Dataset entries:
==================================================
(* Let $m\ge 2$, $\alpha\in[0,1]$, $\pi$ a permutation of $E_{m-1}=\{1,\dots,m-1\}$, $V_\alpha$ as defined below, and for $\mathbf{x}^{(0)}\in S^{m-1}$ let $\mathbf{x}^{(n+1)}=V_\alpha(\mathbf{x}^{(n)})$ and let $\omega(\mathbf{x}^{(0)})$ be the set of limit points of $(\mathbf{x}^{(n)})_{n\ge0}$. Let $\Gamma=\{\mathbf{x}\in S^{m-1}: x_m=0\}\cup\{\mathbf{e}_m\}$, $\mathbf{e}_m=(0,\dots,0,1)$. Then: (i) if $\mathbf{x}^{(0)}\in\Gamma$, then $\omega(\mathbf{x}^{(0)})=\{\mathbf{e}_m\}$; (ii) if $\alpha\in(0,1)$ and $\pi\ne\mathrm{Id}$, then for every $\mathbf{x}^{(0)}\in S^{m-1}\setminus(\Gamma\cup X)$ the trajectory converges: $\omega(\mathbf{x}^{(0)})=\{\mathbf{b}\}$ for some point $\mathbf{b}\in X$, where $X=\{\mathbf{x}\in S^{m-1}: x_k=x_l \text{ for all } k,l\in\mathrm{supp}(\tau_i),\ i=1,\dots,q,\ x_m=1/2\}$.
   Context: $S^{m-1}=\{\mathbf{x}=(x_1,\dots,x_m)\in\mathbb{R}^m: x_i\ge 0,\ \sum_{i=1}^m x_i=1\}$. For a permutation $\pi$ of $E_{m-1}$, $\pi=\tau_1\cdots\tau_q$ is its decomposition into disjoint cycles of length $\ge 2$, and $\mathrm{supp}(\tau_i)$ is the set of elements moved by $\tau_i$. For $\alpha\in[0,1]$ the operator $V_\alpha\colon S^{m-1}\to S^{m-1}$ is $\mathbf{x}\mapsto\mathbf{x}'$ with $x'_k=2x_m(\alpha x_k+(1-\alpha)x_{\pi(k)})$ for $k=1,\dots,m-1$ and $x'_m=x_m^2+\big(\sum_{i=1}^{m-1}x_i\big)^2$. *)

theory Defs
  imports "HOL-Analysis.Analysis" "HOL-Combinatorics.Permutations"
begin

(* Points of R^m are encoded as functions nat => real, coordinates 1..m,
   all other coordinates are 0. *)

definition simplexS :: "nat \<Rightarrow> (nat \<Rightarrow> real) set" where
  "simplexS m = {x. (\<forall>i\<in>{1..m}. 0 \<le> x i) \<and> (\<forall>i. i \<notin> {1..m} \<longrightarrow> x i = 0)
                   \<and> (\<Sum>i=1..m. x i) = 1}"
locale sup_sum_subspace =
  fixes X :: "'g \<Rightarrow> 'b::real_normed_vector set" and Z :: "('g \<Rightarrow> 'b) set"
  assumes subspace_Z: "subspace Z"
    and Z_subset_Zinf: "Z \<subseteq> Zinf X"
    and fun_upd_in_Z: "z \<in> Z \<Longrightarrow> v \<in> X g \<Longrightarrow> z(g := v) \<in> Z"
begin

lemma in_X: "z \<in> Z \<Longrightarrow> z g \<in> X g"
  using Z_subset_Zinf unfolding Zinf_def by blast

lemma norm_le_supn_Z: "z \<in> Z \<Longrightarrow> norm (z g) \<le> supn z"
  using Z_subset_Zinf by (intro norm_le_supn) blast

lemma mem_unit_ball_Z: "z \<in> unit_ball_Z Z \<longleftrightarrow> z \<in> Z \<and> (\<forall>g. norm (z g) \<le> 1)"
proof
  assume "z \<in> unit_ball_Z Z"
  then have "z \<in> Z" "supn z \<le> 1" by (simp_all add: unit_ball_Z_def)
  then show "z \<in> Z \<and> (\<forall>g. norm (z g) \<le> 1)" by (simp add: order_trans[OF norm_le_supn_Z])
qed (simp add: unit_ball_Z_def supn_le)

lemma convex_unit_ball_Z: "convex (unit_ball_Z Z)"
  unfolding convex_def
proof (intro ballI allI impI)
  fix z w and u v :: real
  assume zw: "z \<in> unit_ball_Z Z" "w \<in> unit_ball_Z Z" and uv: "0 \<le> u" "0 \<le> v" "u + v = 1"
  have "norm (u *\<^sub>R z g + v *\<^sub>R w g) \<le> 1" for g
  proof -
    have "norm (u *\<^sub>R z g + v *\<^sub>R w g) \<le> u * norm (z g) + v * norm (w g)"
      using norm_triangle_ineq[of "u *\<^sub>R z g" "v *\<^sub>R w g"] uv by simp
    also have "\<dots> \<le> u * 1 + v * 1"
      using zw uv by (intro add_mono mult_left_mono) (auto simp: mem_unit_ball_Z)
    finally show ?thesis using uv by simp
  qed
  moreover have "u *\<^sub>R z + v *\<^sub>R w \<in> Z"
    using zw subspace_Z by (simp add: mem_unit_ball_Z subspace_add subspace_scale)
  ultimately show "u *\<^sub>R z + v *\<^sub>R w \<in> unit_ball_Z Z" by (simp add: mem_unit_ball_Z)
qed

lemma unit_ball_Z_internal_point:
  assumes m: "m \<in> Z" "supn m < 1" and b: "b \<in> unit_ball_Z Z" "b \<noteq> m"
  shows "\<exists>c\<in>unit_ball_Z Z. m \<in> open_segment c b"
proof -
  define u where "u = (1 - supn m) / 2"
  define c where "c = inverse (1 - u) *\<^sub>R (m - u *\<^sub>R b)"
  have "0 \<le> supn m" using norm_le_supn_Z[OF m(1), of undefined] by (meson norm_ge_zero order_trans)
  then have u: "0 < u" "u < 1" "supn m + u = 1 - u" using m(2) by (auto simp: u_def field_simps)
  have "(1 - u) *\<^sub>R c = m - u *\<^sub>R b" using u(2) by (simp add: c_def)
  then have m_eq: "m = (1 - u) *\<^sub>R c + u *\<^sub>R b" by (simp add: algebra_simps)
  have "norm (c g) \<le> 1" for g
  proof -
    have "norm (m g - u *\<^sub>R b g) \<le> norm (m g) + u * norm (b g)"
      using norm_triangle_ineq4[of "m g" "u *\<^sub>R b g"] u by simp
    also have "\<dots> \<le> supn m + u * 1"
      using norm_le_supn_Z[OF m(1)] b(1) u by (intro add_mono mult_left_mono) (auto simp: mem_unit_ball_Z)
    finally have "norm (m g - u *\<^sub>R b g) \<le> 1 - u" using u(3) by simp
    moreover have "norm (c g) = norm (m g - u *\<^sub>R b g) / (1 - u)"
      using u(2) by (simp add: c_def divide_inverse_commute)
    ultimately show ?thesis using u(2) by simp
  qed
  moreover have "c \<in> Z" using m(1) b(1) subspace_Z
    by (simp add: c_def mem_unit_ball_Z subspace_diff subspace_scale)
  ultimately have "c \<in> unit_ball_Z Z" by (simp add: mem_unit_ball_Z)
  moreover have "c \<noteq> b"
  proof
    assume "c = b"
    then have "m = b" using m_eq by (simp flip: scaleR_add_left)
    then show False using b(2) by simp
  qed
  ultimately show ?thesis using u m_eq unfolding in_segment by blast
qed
==================================================
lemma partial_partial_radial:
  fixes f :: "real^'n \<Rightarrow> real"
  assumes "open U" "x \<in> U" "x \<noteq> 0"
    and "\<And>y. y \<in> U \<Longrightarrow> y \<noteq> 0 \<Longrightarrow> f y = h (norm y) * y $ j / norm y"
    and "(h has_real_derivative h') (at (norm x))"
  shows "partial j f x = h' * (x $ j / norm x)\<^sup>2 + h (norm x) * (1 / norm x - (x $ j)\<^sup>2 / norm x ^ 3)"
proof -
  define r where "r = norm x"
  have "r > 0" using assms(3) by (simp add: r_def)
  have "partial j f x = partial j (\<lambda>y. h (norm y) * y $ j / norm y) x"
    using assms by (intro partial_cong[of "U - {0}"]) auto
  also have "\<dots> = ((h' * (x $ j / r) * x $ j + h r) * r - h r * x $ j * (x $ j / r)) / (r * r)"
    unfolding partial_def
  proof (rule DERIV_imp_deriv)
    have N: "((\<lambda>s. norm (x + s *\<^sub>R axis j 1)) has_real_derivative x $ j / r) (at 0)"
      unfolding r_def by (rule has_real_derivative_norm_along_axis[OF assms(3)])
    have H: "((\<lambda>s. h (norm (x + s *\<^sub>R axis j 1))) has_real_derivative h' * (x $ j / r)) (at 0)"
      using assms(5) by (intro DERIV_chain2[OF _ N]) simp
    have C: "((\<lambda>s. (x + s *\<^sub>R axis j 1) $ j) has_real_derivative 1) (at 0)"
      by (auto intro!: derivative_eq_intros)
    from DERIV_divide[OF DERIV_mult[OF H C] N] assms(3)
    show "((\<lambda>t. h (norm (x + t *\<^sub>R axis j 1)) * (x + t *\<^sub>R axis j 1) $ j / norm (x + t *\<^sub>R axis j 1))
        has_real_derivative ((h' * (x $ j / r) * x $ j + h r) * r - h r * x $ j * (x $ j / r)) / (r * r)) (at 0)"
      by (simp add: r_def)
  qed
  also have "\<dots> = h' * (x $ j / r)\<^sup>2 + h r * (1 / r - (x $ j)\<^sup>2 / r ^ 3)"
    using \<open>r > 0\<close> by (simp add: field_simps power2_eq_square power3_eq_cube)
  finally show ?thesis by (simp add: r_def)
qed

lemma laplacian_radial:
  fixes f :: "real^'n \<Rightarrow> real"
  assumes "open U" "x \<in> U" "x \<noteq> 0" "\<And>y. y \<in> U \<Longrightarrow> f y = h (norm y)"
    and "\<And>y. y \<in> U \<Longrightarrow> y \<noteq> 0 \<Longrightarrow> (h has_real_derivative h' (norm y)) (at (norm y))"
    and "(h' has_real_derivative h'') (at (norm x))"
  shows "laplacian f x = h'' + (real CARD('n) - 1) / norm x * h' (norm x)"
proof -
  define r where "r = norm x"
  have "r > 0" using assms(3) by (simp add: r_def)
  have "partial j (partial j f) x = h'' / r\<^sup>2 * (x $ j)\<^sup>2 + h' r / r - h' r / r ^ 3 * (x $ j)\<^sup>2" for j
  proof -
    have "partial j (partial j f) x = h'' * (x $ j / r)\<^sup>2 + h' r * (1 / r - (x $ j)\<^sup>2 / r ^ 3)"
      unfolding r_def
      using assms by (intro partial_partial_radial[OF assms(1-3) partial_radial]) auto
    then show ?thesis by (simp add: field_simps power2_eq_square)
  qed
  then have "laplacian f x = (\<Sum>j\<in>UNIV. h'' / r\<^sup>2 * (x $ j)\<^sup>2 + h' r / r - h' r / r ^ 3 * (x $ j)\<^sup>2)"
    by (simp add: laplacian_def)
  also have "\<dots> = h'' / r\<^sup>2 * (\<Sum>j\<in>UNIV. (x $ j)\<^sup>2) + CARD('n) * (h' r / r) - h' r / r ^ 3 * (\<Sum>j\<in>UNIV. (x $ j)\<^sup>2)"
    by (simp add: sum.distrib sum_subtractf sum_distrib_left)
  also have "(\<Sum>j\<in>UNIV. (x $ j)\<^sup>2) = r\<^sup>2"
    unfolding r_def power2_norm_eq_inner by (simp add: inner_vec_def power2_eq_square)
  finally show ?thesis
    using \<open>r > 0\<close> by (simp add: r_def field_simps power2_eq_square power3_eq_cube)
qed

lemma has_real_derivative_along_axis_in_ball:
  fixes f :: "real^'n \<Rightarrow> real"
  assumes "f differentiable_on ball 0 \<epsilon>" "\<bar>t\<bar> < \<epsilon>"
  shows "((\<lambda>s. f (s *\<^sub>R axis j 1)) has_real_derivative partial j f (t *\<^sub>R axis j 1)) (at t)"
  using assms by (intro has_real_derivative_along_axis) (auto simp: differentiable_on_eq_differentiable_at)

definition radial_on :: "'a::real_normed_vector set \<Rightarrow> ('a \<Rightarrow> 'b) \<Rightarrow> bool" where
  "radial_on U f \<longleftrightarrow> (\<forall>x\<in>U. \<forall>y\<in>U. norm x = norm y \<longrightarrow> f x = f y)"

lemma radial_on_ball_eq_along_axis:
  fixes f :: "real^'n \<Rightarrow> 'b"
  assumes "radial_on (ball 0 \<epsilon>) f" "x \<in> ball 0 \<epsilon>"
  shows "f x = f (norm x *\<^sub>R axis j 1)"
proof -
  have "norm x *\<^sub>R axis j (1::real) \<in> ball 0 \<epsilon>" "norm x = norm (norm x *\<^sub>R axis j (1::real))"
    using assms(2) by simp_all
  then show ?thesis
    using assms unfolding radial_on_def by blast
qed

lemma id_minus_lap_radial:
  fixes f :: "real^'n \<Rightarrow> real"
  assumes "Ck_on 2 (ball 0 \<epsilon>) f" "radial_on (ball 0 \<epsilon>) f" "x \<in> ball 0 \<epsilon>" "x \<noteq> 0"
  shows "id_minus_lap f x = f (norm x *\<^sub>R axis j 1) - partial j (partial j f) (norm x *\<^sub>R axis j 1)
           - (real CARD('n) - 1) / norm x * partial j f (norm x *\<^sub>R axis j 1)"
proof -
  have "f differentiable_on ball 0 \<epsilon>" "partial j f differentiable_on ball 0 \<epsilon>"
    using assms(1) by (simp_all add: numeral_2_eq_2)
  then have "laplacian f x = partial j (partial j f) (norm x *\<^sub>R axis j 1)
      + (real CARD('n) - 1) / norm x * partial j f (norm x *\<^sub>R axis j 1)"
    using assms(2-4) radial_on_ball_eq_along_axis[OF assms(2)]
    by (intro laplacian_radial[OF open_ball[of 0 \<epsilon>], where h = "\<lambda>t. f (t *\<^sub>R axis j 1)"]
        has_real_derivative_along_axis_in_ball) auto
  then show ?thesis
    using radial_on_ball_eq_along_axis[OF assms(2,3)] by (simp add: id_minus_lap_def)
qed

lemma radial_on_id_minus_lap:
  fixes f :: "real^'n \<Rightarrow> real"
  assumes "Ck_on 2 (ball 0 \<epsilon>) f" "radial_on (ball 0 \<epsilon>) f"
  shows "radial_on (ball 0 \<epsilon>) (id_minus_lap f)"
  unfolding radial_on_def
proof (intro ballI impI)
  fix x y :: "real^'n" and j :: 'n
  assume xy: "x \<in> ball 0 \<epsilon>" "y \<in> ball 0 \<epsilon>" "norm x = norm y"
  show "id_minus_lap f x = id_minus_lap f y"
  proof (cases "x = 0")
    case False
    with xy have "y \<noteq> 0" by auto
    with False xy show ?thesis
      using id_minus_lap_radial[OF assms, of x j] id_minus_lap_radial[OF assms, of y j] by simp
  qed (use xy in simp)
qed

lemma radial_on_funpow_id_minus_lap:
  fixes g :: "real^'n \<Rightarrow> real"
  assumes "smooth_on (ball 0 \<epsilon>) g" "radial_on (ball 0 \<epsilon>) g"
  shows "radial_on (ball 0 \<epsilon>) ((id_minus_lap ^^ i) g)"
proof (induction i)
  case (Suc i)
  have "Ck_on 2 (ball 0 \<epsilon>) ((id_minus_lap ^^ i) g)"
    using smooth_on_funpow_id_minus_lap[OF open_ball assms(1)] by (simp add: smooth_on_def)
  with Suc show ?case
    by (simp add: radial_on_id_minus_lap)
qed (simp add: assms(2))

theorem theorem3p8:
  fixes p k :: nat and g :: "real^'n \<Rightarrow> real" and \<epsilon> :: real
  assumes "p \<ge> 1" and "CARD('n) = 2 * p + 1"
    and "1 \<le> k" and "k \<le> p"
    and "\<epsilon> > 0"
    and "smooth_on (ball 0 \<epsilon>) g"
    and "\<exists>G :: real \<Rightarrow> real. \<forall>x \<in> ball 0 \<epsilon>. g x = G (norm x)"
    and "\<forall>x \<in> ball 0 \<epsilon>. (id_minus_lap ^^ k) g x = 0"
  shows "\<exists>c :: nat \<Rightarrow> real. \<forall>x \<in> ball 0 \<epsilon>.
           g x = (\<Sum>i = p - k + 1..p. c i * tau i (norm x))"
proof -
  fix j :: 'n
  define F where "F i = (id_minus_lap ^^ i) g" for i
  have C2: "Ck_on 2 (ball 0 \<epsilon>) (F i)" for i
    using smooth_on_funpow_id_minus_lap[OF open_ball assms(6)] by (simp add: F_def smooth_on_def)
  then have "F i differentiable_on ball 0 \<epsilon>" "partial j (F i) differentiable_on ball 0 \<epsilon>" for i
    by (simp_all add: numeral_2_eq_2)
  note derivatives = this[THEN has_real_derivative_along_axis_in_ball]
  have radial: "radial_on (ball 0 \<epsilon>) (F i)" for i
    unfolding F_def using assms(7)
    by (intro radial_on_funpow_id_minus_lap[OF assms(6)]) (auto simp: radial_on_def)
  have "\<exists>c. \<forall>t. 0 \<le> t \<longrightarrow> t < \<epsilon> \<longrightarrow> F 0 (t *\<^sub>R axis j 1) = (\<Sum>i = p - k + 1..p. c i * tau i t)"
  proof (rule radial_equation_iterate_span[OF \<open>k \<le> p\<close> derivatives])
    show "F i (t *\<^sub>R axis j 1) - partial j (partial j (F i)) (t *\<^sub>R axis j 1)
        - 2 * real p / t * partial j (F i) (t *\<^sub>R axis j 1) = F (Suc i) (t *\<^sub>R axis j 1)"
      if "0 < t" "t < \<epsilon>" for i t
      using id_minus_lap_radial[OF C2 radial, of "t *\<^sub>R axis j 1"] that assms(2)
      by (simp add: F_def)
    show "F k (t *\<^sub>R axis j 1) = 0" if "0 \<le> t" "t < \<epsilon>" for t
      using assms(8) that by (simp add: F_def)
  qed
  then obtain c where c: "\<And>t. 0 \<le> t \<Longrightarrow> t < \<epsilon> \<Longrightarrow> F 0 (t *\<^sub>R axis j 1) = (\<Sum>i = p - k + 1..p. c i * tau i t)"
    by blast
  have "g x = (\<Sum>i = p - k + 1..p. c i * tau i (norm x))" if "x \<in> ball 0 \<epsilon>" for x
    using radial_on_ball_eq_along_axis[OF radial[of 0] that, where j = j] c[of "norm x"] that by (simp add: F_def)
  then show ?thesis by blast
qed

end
==================================================
EXERCISE INSTRUCTIONS: Please filter the entries for the word "assumes" and copy the lines that have it.

OUTPUT OF THE EXERCISE:
  assumes subspace_Z: "subspace Z"
  assumes m: "m \<in> Z" "supn m < 1" and b: "b \<in> unit_ball_Z Z" "b \<noteq> m"
  assumes "open U" "x \<in> U" "x \<noteq> 0"
  assumes "open U" "x \<in> U" "x \<noteq> 0" "\<And>y. y \<in> U \<Longrightarrow> f y = h (norm y)"
  assumes "f differentiable_on ball 0 \<epsilon>" "\<bar>t\<bar> < \<epsilon>"
  assumes "radial_on (ball 0 \<epsilon>) f" "x \<in> ball 0 \<epsilon>"
  assumes "Ck_on 2 (ball 0 \<epsilon>) f" "radial_on (ball 0 \<epsilon>) f" "x \<in> ball 0 \<epsilon>" "x \<noteq> 0"
  assumes "Ck_on 2 (ball 0 \<epsilon>) f" "radial_on (ball 0 \<epsilon>) f"
  assumes "smooth_on (ball 0 \<epsilon>) g" "radial_on (ball 0 \<epsilon>) g"
  assumes "p \<ge> 1" and "CARD('n) = 2 * p + 1"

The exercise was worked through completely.